Вера помолчала. Кабы устранить с пути десяток факторов неодинакового калибра, то перспектива была бы интересной. Внутренне она всегда того хотела, однако верила в приоткрывшуюся возможность не до конца, не рассматривала всё ж таки как вероятную. Зато довольно продолжительное время подпитывала себя тем, что в теории вполне реально могла противопоставить авторитетному мужу Моисею мужчину рангом не хуже, к тому же с приятным капиталом. Хотя и не обременённого научными степенями и без геройского гвардейского прошлого. Именно в этот решающий момент она прикидывала, как вернётся сегодня домой и уже вполне отстранённым глазом обследует коммунальное помещение родной ей некогда Каляевки. И с каким обновлённым чувством глянет на собственного мужа, зайдя в их совмещённый спальный кабинет. И как он обернётся к ней, оторвав лысеющую башку от этого своего нескончаемого задачника по теоретической механике, над которым корпит вроде бы третий год подряд, сочиняя для студентов новые сказки про механику и механиков. И как он спросит у неё про «как дела», но, не слушая ответа, уже отвернётся к раскиданным по всему столу бумагам и возлюбленной своей логарифмической линейке – вжик-вжик, мать-перемать, – с какой не расстаётся даже в уборной, всё высматривая да выискивая на ней всякую бессмысленную мелкоту. Как-то даже поинтересовалась, для чего, мол, так гнобить глаза свои и себя же целиком, если есть уже тыща таких же задачников да учебников по этому скучному делу. Она же училась, помнит. Ну будет ещё один, и чего? Деньги – смешные, а толку – как дохлому кабану от Шуберта. Он выслушал её тогда и сказал:
– Вера, я хочу сочинить самый лучший задачник в истории моего предмета. Самый совершенный. Не составить – именно сочинить. Каждую задачу я придумываю, пытаясь сделать так, чтобы исходные условия уже с самого начала были ощутимы не только органами зрения или слуха, но и как бы самим внутренним устройством человека, максимальным количеством его тончайше устроенных рецепторов, о которых, вполне вероятно, люди ещё не знают сами.

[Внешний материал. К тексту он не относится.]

(* There is an absolute constant $C>0$ such that for every integer $N\ge 2$ and every integer $h$ with $0<|h|\le 2N^2$, \[ r_N(h) \le C N^2 \sum_{\substack{d\mid h\\ 1\le d\le N}} \frac{1}{d}, \qquad\text{and}\qquad r_N(0)\le C N^2\log N. \] Moreover, for every integer $k\ge 2$ there is a constant $C_k>0$ such that $I_k(N)\le C_k N^{2k+2}$ for all integers $N\ge 2$.
   Context: For a positive integer $N$ and $h\in\mathbb{Z}$, let $r_N(h)$ be the number of tuples $(a_1,a_2,a_3,a_4)\in([-N,N]\cap\mathbb{Z})^4$ with $a_1a_2-a_3a_4=h$. For an integer $k\ge 2$, let $I_k(N)=\sum_{h\in\mathbb{Z}} r_N(h)^k$. *)

theory Defs
  imports "HOL-Analysis.Analysis"
begin

definition rN :: "nat \<Rightarrow> int \<Rightarrow> nat" where
  "rN N h = card {(a1::int, a2::int, a3::int, a4::int).
      a1 \<in> {-int N..int N} \<and> a2 \<in> {-int N..int N} \<and>
      a3 \<in> {-int N..int N} \<and> a4 \<in> {-int N..int N} \<and>
      a1 * a2 - a3 * a4 = h}"

text \<open>I_k(N) = sum over all integers h of r_N(h)^k. Only finitely many terms are
  nonzero, so this is the sum over the (finite) support of r_N.\<close>
definition IkN :: "nat \<Rightarrow> nat \<Rightarrow> nat" where
  "IkN k N = (\<Sum>h \<in> {h. rN N h \<noteq> 0}. rN N h ^ k)"

end

theory Submission
  imports Defs
begin

text \<open>For fixed \<open>(a\<^sub>1, a\<^sub>3) \<noteq> (0, 0)\<close> the equation \<open>a\<^sub>1 a\<^sub>2 - a\<^sub>3 a\<^sub>4 = h\<close> is linear in
  \<open>(a\<^sub>2, a\<^sub>4)\<close>: it is unsolvable unless \<open>g = gcd a\<^sub>1 a\<^sub>3\<close> divides \<open>h\<close>, and otherwise one
  coordinate of its solutions runs through a residue class modulo \<open>max \<bar>a\<^sub>1\<bar> \<bar>a\<^sub>3\<bar> / g\<close>, so
  there are \<open>O(N g / max \<bar>a\<^sub>1\<bar> \<bar>a\<^sub>3\<bar> + 1)\<close> of them in the box. As \<open>g\<close> is a divisor
  \<open>d \<le> N\<close> of \<open>h\<close>, summing over \<open>(a\<^sub>1, a\<^sub>3)\<close> and interchanging sums bounds \<open>r\<^sub>N(h)\<close>
  by \<open>N\<^sup>2\<close> plus \<open>N \<Sum>\<^bsub>d | h, d \<le> N\<^esub> d \<Sum>\<^bsub>d | a\<^sub>1, d | a\<^sub>3\<^esub> 1 / max \<bar>a\<^sub>1\<bar> \<bar>a\<^sub>3\<bar>\<close>, and the inner
  lattice sum is \<open>O(N / d\<^sup>2)\<close>. This gives \<open>r\<^sub>N(h) = O(N\<^sup>2 \<Sum>\<^bsub>d | h, d \<le> N\<^esub> 1 / d)\<close> for every
  \<open>h\<close>, and at \<open>h = 0\<close> the divisor sum is the harmonic number.

  For the moments, the power mean inequality with weights \<open>d\<^sup>-\<^sup>s\<close>, \<open>s = 1 + 1/(2k)\<close>, gives
  \<open>(\<Sum>\<^bsub>d | h, d \<le> N\<^esub> 1 / d)\<^sup>k = O\<^sub>k(\<Sum>\<^bsub>d | h, d \<le> N\<^esub> d\<^sup>-\<^sup>1\<^sup>/\<^sup>2)\<close>; summed over
  \<open>\<bar>h\<bar> \<le> 2N\<^sup>2\<close> this is \<open>O(N\<^sup>2 \<Sum>\<^sub>d d\<^sup>-\<^sup>3\<^sup>/\<^sup>2) = O(N\<^sup>2)\<close>, hence
  \<open>I\<^sub>k(N) = O((N\<^sup>2)\<^sup>k N\<^sup>2)\<close>.\<close>

lemma div_gcd_dvd_of_mult_eq:
  fixes a b u v :: int
  assumes "a * u = b * v" "a \<noteq> 0"
  shows "a div gcd a b dvd v"
proof -
  define g where "g = gcd a b"
  have g: "g \<noteq> 0" using assms(2) by (simp add: g_def)
  obtain a' b' where ab: "a = a' * g" "b = b' * g" and "coprime a' b'"
    using gcd_coprime_exists[of a b] g unfolding g_def by blast
  from assms(1) have "(a' * u) * g = (b' * v) * g" by (simp add: ab mult_ac)
  then have "a' * u = b' * v" using g by simp
  then have "a' dvd v"
    using \<open>coprime a' b'\<close> by (metis dvd_triv_left coprime_dvd_mult_right_iff)
  moreover have "a div g = a'" using g by (simp add: ab(1))
  ultimately show ?thesis by (simp add: g_def)
qed

lemma power_weighted_sum_le:
  fixes a y :: "'i \<Rightarrow> real"
  assumes "finite S" "n > 0" "\<And>i. i \<in> S \<Longrightarrow> a i \<ge> 0" "\<And>i. i \<in> S \<Longrightarrow> y i \<ge> 0"
  shows "(\<Sum>i\<in>S. a i * y i) ^ n \<le> (\<Sum>i\<in>S. a i) ^ (n - 1) * (\<Sum>i\<in>S. a i * y i ^ n)"
proof (cases "sum a S = 0")
  case True
  then have "\<forall>i\<in>S. a i = 0" using sum_nonneg_eq_0_iff[OF assms(1)] assms(3) by blast
  then show ?thesis using assms(2) by (simp add: zero_power)
next
  case False
  define A where "A = sum a S"
  have A_pos: "A > 0" using False assms(3) sum_nonneg[of S a] by (simp add: A_def)
  have "S \<noteq> {}" using False by auto
  have convex: "convex_on {0..} (\<lambda>x::real. x ^ n)"
    by (cases "even n") (auto intro: convex_on_subset[OF convex_power_even] convex_power_odd)
  have "(\<Sum>i\<in>S. (a i / A) *\<^sub>R y i) ^ n \<le> (\<Sum>i\<in>S. a i / A * y i ^ n)"
    using convex_on_sum[OF assms(1) \<open>S \<noteq> {}\<close> convex, of "\<lambda>i. a i / A" y] A_pos assms(3,4)
    by (simp add: A_def sum_divide_distrib[symmetric])
  then have "(\<Sum>i\<in>S. a i * y i) ^ n / A ^ n \<le> (\<Sum>i\<in>S. a i * y i ^ n) / A"
    by (simp add: sum_divide_distrib[symmetric] power_divide)
  then have "(\<Sum>i\<in>S. a i * y i) ^ n \<le> (\<Sum>i\<in>S. a i * y i ^ n) / A * A ^ n"
    using A_pos by (subst (asm) pos_divide_le_eq) auto
  also have "\<dots> = A ^ (n - 1) * (\<Sum>i\<in>S. a i * y i ^ n)"
    using A_pos assms(2) by (cases n) (simp_all add: field_simps)
  finally show ?thesis by (simp add: A_def)
qed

Такое видение способно случаться на ином молекулярном уровне и неподотчётно узконаправленной мысли. Она же порой, как это ни странно, мешает воспринимать действительность, как та того заслуживает, потому что упирается в нечто уже знакомое голове, исхожее, не раз предложенное человечеству в том или ином варианте прочтения, считывания. Но если тот же предмет или часть его поместить в условия непривычные, совершенно неожиданные для каждого и для всех, то и сама мысль пойдёт другим путём, точно так же обходя накатанный путь, который рассудок отбирает механически. Иными словами, я очень хочу того, чтобы эта книга способствовала творческому саморазвитию личности. Любая задача из моего задачника – лишь способ вовлечь студента в поиск, в нетривиальные размышления, лишённые наставничества азбучной педагогики. Ответ на задачу, пускай и неверный, – тоже некий важный путь познания. Просто я мечтаю придумать такой вопрос, на который человек сам бы хотел найти ответ, вне зависимости от нужды учебного процесса. Но их должно быть много, таких вопросов. И поэтому времени для этого тоже требуется много. Годы. – И улыбнулся. – Но я постараюсь побыстрей, чтобы, как минимум, успеть при жизни. – И заглянул жене в глаза. – Это тебе понятно, Верочка? – Будто издевался над ней, пытаясь обратить в свою дурную веру.
Она и ответила на тот его вопрос, но только по-другому, не про механический рассудок. Сказала:
– У тебя, Моисей, сын не сегодня-завтра женщину в дом приведёт, жену, а ты всё со своими рецепторами носишься, с задачками про чужие предметы на свою же единственную голову. Свой-то предмет, говорю, днями-ночами только и делает, что об этой своей Катюне думает. Ты что, вообще не в курсе, что там всё серьёзней некуда? Он ей вот-вот живот надует, вот увидишь, а она с общежития сама, без жилья, без ничего, одни глазищи мокрые пялит, будто милостыню просит. Лимита, короче, и к тому же без видов на жилплощадь.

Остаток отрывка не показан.